Düzce'nin sulak alanlarında yetişen ve kendine özgü aromasıyla İstanbul ve Ankara gibi illerden de büyük talep gören Düzce kabağının hasadına başlandı. Nisan ayı sonunda ekilen kabak olgunlaşma süresinin ardından bahçelerden toplanıyor. Kabak üreticisi İrfan Hatip, kabak ekiminin nisan ayının sonu ile mayıs ayının başında başladığını belirterek, '90 gün sonra kabak olgunlaşmaya başlar. Ağustos sonunda başlar ve eylül ayı içerisinde kabak hasadı yapılır. Düzce kabağı diğer kabaklara göre daha kaliteli olduğu İstanbul piyasasında da söyleniyor. Biz de bundan mutluluk duyuyoruz. Düzce'de tahmini rekolte 10 bin ton kadar. Bu sene yağmurun fazla yağması ile bazı tarlalarda sıkıntı oldu' dedi.

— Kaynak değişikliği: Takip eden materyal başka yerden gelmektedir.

text \<open>An operator T on E restricted to the subset F is compact: the image of the
  unit ball of F is relatively compact.  (The topology on pairs is the product
  topology, which agrees with the topology of cnorm, since the norms are equivalent.)\<close>
definition compact_on :: "('a::real_banach_lattice \<times> 'a \<Rightarrow> 'a \<times> 'a) \<Rightarrow> ('a \<times> 'a) set \<Rightarrow> bool" where
  "compact_on T F \<longleftrightarrow> compact (closure (T ` {z \<in> F. cnorm z \<le> 1}))"

end

(*
  Write T = S1 + i S2 with S1, S2 central operators of the real lattice. A central operator
  acts on every atom a as a scalar, S a = lambda(a) a. Since T maps the atoms into the image of
  the unit ball of the band A^dd, compactness of T there implies that for every n only finitely
  many atoms have |lambda(a)| >= 1/(n+1): their images are 1/(n+1)-separated in a compact set.
  Hence the atomic part R x = sum_a lambda(a) c_a(x) a of S, where c_a(x) a is the band
  projection of x onto the span of a, is a norm limit of finite-rank central operators, so it
  is compact and central; it agrees with S on A^dd and vanishes on A^d. Put
  T1 = R1 + i R2 and T2 = T - T1.
  The only extra work in the complex setting is the existence of the modulus
  sup_t (cos t x + sin t y), obtained as the limit of finite suprema over dyadic angles.
*)

theory Submission
  imports Defs "HOL-Library.Lattice_Algebras"
begin

context real_banach_lattice
begin
subclass lattice_ab_group_add ..
end
(* Let $X$, $H$, $H_0$ be arbitrary Hermitian $N\times N$ matrices. For every $t\in\mathbb{R}$, $$e^{-iH_0t}e^{iHt}Xe^{-iHt}e^{iH_0t}-e^{i(H-H_0)t}Xe^{-i(H-H_0)t}=\sum_{\ell\ge2}\frac{(it)^\ell}{\ell!}C_\ell,$$ where each $C_\ell$ is a sum of at most $2^\ell\ell^2$ nested commutators of order $\ell-1$ of the form $[Z_1,[Z_2,[\cdots[Z_{\ell-1},X]\cdots]]]$ in which exactly one $Z_j$ equals $[H,-H_0]$ and every other $Z_j$ is either $H$ or $-H_0$.
   Context: $[A,B]=AB-BA$. *)

theory Defs
  imports "HOL-Analysis.Analysis"
begin

type_synonym 'n cmat = "complex ^ 'n ^ 'n"

definition hermitian :: "'n::finite cmat \<Rightarrow> bool" where
  "hermitian A \<longleftrightarrow> (\<forall>i j. A $ i $ j = cnj (A $ j $ i))"

definition cscale :: "complex \<Rightarrow> 'n::finite cmat \<Rightarrow> 'n cmat" where
  "cscale c A = (\<chi> i j. c * A $ i $ j)"

definition mpow :: "'n::finite cmat \<Rightarrow> nat \<Rightarrow> 'n cmat" where
  "mpow A k = ((\<lambda>B. A ** B) ^^ k) (mat 1)"

definition mexp :: "'n::finite cmat \<Rightarrow> 'n cmat" where
  "mexp A = (\<Sum>k. (1 / fact k) *\<^sub>R mpow A k)"

definition comm :: "'n::finite cmat \<Rightarrow> 'n cmat \<Rightarrow> 'n cmat" where
  "comm A B = A ** B - B ** A"

definition nested_comm :: "'n::finite cmat list \<Rightarrow> 'n cmat \<Rightarrow> 'n cmat" where
  "nested_comm Zs X = foldr comm Zs X"

definition admissible :: "nat \<Rightarrow> 'n::finite cmat \<Rightarrow> 'n cmat \<Rightarrow> 'n cmat list \<Rightarrow> bool" where
  "admissible l H H0 Zs \<longleftrightarrow> length Zs = l - 1 \<and>
     (\<exists>j < length Zs. Zs ! j = comm H (- H0) \<and>
        (\<forall>k < length Zs. k \<noteq> j \<longrightarrow> Zs ! k = H \<or> Zs ! k = - H0))"

end

theory Submission
  imports Defs
begin

text \<open>
  Conjugation by \<open>exp (s Z)\<close> acts on matrices as the exponential of \<open>s ad Z\<close> in the Banach
  algebra of bounded operators on matrix space. With \<open>a = ad H\<close>, \<open>b = ad (-H0)\<close> and \<open>\<sigma>\<close> the
  multiplication by \<open>s = i t\<close>, which commutes with both, the difference in question is
  \<open>(exp (\<sigma> b) exp (\<sigma> a) - exp (\<sigma> (a + b))) X\<close>.
  Multiplying out the exponential series gives \<open>exp y exp x = (\<Sum>n. F n / n!)\<close>, where \<open>F n\<close> is
  the binomial expansion of \<open>(x + y)^n\<close> with every \<open>y\<close> moved to the left; so the \<open>l\<close>-th
  coefficient is \<open>\<sigma>^l (F l - (a + b)^l) / l!\<close>. The recursions
  \<open>(a + b)^(n+1) - F (n+1) = (a + b) ((a + b)^n - F n) + [a, F n]\<close> and
  \<open>[a, F (n+1)] = [a, b] F n + b [a, F n] + [a, F n] a\<close> expand \<open>(a + b)^l - F l\<close> into at most
  \<open>l^2 2^l\<close> words in \<open>a\<close>, \<open>b\<close> containing exactly one letter \<open>[a, b] = ad [H, -H0]\<close>,
  and applied to \<open>X\<close> such a word is a nested commutator.
\<close>

section \<open>Bounded operators as a Banach algebra\<close>

text \<open>HOL-Analysis provides the normed space \<open>'a \<Rightarrow>\<^sub>L 'a\<close> but no multiplication on it;
  on this copy composition is the product, which makes \<open>exp\<close> available.\<close>

typedef (overloaded) 'a endo = "UNIV :: ('a::real_normed_vector \<Rightarrow>\<^sub>L 'a) set"
  morphisms blinfun_of_endo endo_of_blinfun ..

setup_lifting type_definition_endo

instantiation endo :: (real_normed_vector) real_normed_vector
begin
lift_definition norm_endo :: "'a endo \<Rightarrow> real" is norm .
lift_definition minus_endo :: "'a endo \<Rightarrow> 'a endo \<Rightarrow> 'a endo" is "(-)" .
lift_definition plus_endo :: "'a endo \<Rightarrow> 'a endo \<Rightarrow> 'a endo" is "(+)" .
lift_definition uminus_endo :: "'a endo \<Rightarrow> 'a endo" is uminus .
lift_definition zero_endo :: "'a endo" is 0 .
lift_definition scaleR_endo :: "real \<Rightarrow> 'a endo \<Rightarrow> 'a endo" is scaleR .
definition dist_endo :: "'a endo \<Rightarrow> 'a endo \<Rightarrow> real" where "dist_endo S T = norm (S - T)"
definition uniformity_endo :: "('a endo \<times> 'a endo) filter"
  where "uniformity_endo = (INF e\<in>{0 <..}. principal {(S, T). dist S T < e})"
definition open_endo :: "'a endo set \<Rightarrow> bool"
  where "open_endo U = (\<forall>S\<in>U. \<forall>\<^sub>F (S', T) in uniformity. S' = S \<longrightarrow> T \<in> U)"
definition sgn_endo :: "'a endo \<Rightarrow> 'a endo" where "sgn_endo S = inverse (norm S) *\<^sub>R S"
instance
  by standard
    (unfold dist_endo_def open_endo_def sgn_endo_def uniformity_endo_def,
     (rule refl | (transfer, force simp: norm_triangle_ineq algebra_simps))+)
end

instantiation endo :: ("{real_normed_vector, perfect_space}") real_normed_algebra_1
begin
lift_definition times_endo :: "'a endo \<Rightarrow> 'a endo \<Rightarrow> 'a endo" is blinfun_compose .
lift_definition one_endo :: "'a endo" is id_blinfun .
instance
proof
  fix S T U :: "'a endo" and r :: real
  show "S * T * U = S * (T * U)"
    by transfer (auto intro!: blinfun_eqI)
  show "(S + T) * U = S * U + T * U" "S * (T + U) = S * T + S * U"
    by (transfer, auto intro!: blinfun_eqI simp: blinfun.bilinear_simps)+
  show "1 * S = S" "S * 1 = S"
    by (transfer, auto intro!: blinfun_eqI)+
  show "r *\<^sub>R S * T = r *\<^sub>R (S * T)" "S * r *\<^sub>R T = r *\<^sub>R (S * T)"
    by (transfer, auto intro!: blinfun_eqI simp: blinfun.bilinear_simps)+
  show "norm (S * T) \<le> norm S * norm T"
    by transfer (rule norm_blinfun_compose)
  show norm_one: "norm (1 :: 'a endo) = 1"
    by transfer simp
  show "(0 :: 'a endo) \<noteq> 1"
    using norm_one by (metis norm_zero zero_neq_one)
qed
end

'TATLI DİYE YİYOR VE GEÇİYORUZ, DEĞERİNİ BİLMİYORUZ'
Düzce'de geçen yıl ilk kez kabak festivali yapılmasına öncülük eden ve kendisi de kabak yetiştiren Diş Hekimi Ulviye Dikmen ise, 'Kabak hiç değerini bildiğimiz bir meyve değil. Aslında beslenmede, büyümede ve gelişmede, hastalıklarda, cilt güzelliğinde, bağırsak gelişiminde kabak çok etkili. Biz sadece tatlı diye yiyor ve geçiyoruz. Bu kadar basit değil. Çocuk mamalarında özellikle Avrupa'da, Amerika'da kesinlikle kabak doğal şekilde kullanılıyor. Unlaştırıp kullanıyorlar. Ama biz sadece tatlısını yapıyoruz. Tarlada görmüyoruz. Çok zor ve meşakkatli şekilde üretiliyor. Ama olağan üstü bir meyvemiz var. Bu meyvenin kıymetini bilmek için çok geç kalmışız. Onun için birinci şenliğimizi yaptık. İkincisi mutlak suretle yapılmalı. Düzce kabağının da ayrı bir özelliği var. İçindeki aroması, bileşenleri ve vitaminleri bağışıklık sisteminde olağanüstü etkili ve biz sıradan diye geçmişiz. Geçen yıl 43 çeşit yemeğini sergiledik. Tatlısıyla, tuzlusuyla tatlarını yaptık. Şu anda Düzce kurusu diye bir yiyecek yapıyoruz. Kabak ve fındıktan oluşan Düzce markası olacak bir ürün' diye konuştu.
'KENDİNE HAS AROMASI VAR'
Kabak bahçesinde kabak tatlısı yaparak hasat yapanlara ikram eden Mücella Ulcay, Düzce kabağının aromasının başka kabaklarda olmadığını ifade ederek, 'Kabağı aldık, kestik, soyduk, dilimledik ve odun ateşinde şeker koyarak pişirdik. Çok lezzetli bir tatlı oldu. Bu kabağı lezzetli yapan Düzce'nin havası, suyu ve emeğidir. Çok nefis bir tadı var. Kendine has bir aroması var. Oldukça sağlıklı bir kabak. Bu bölgede sanayileşme fazla olmadığı için egzoz ve fabrika gazlarından topraklarımız fazla etkilenmemiş. Onun için kabak çok daha lezzetli ve aroması çok daha iyi' dedi.